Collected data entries
====

lemma norm_fib_block_le_norm_sum: "i \<le> k \<Longrightarrow> cmod (fib_block \<alpha> \<theta> i) \<le> fib_block_norm_sum \<alpha> \<theta> k"
  unfolding fib_block_norm_sum_def by (rule member_le_sum) auto

lemma norm_zeck_sum_prefix_le:
  "t \<le> fib j \<Longrightarrow> cmod (zeck_sum \<alpha> \<theta> 0 t) \<le> fib_block_norm_sum \<alpha> \<theta> j"
proof (induction j arbitrary: t rule: less_induct)
  case (less j)
  show ?case
  proof (cases "t = fib j \<or> j \<le> 2")
    case True
    hence "t = 0 \<or> t = fib j" using less.prems by (cases j; cases "j - 1") (auto simp: fib.simps)
    thus ?thesis using norm_fib_block_le_norm_sum[of j j] fib_block_norm_sum_nonneg
      by (auto simp: fib_block_def zeck_sum_def)
  next
    case False
    then obtain q where jq: "j = Suc (Suc (Suc q))" using le_Suc_ex[of 3 j] by auto
    let ?a = "fib (Suc (Suc q))"
    show ?thesis
    proof (cases "t \<le> ?a")
      case True
      hence "cmod (zeck_sum \<alpha> \<theta> 0 t) \<le> fib_block_norm_sum \<alpha> \<theta> (Suc (Suc q))" using less.IH jq by auto
      also have "\<dots> \<le> fib_block_norm_sum \<alpha> \<theta> j" using jq by (intro fib_block_norm_sum_mono) auto
      finally show ?thesis .
    next
      case False
      define t' where "t' = t - ?a"
      have t': "t' \<le> fib (Suc q)" and tt: "t = ?a + t'"
        using False less.prems jq fib.simps(3)[of "Suc q"] by (auto simp: t'_def)
      have "cmod (zeck_sum \<alpha> \<theta> 0 t) \<le> cmod (zeck_sum \<alpha> \<theta> 0 ?a) + cmod (zeck_sum \<alpha> \<theta> (?a + 0) (?a + t'))"
        using zeck_sum_split[of 0 ?a t] tt by (simp add: norm_triangle_ineq)
      also have "\<dots> = cmod (fib_block \<alpha> \<theta> (Suc (Suc q))) + cmod (zeck_sum \<alpha> \<theta> 0 t')"
        using norm_zeck_sum_shift[OF t', of \<alpha> \<theta> 0] by (simp add: fib_block_def)
      also have "\<dots> \<le> cmod (fib_block \<alpha> \<theta> (Suc (Suc q))) + fib_block_norm_sum \<alpha> \<theta> (Suc q)"
        using less.IH[of "Suc q" t'] t' jq by auto
      also have "\<dots> \<le> fib_block_norm_sum \<alpha> \<theta> j"
        using jq fib_block_norm_sum_Suc[of \<alpha> \<theta> "Suc q"] fib_block_norm_sum_Suc[of \<alpha> \<theta> "Suc (Suc q)"] by simp
      finally show ?thesis .
    qed
  qed
qed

====

# ASSIGNMENT
Look through the entries above; copy each line where the string "using" appears.

# SOLUTION FOR THIS TASK
    hence "t = 0 \<or> t = fib j" using less.prems by (cases j; cases "j - 1") (auto simp: fib.simps)
    thus ?thesis using norm_fib_block_le_norm_sum[of j j] fib_block_norm_sum_nonneg
    then obtain q where jq: "j = Suc (Suc (Suc q))" using le_Suc_ex[of 3 j] by auto
      hence "cmod (zeck_sum \<alpha> \<theta> 0 t) \<le> fib_block_norm_sum \<alpha> \<theta> (Suc (Suc q))" using less.IH jq by auto
      also have "\<dots> \<le> fib_block_norm_sum \<alpha> \<theta> j" using jq by (intro fib_block_norm_sum_mono) auto
        using False less.prems jq fib.simps(3)[of "Suc q"] by (auto simp: t'_def)
        using zeck_sum_split[of 0 ?a t] tt by (simp add: norm_triangle_ineq)
        using norm_zeck_sum_shift[OF t', of \<alpha> \<theta> 0] by (simp add: fib_block_def)
        using less.IH[of "Suc q" t'] t' jq by auto
        using jq fib_block_norm_sum_Suc[of \<alpha> \<theta> "Suc q"] fib_block_norm_sum_Suc[of \<alpha> \<theta> "Suc (Suc q)"] by simp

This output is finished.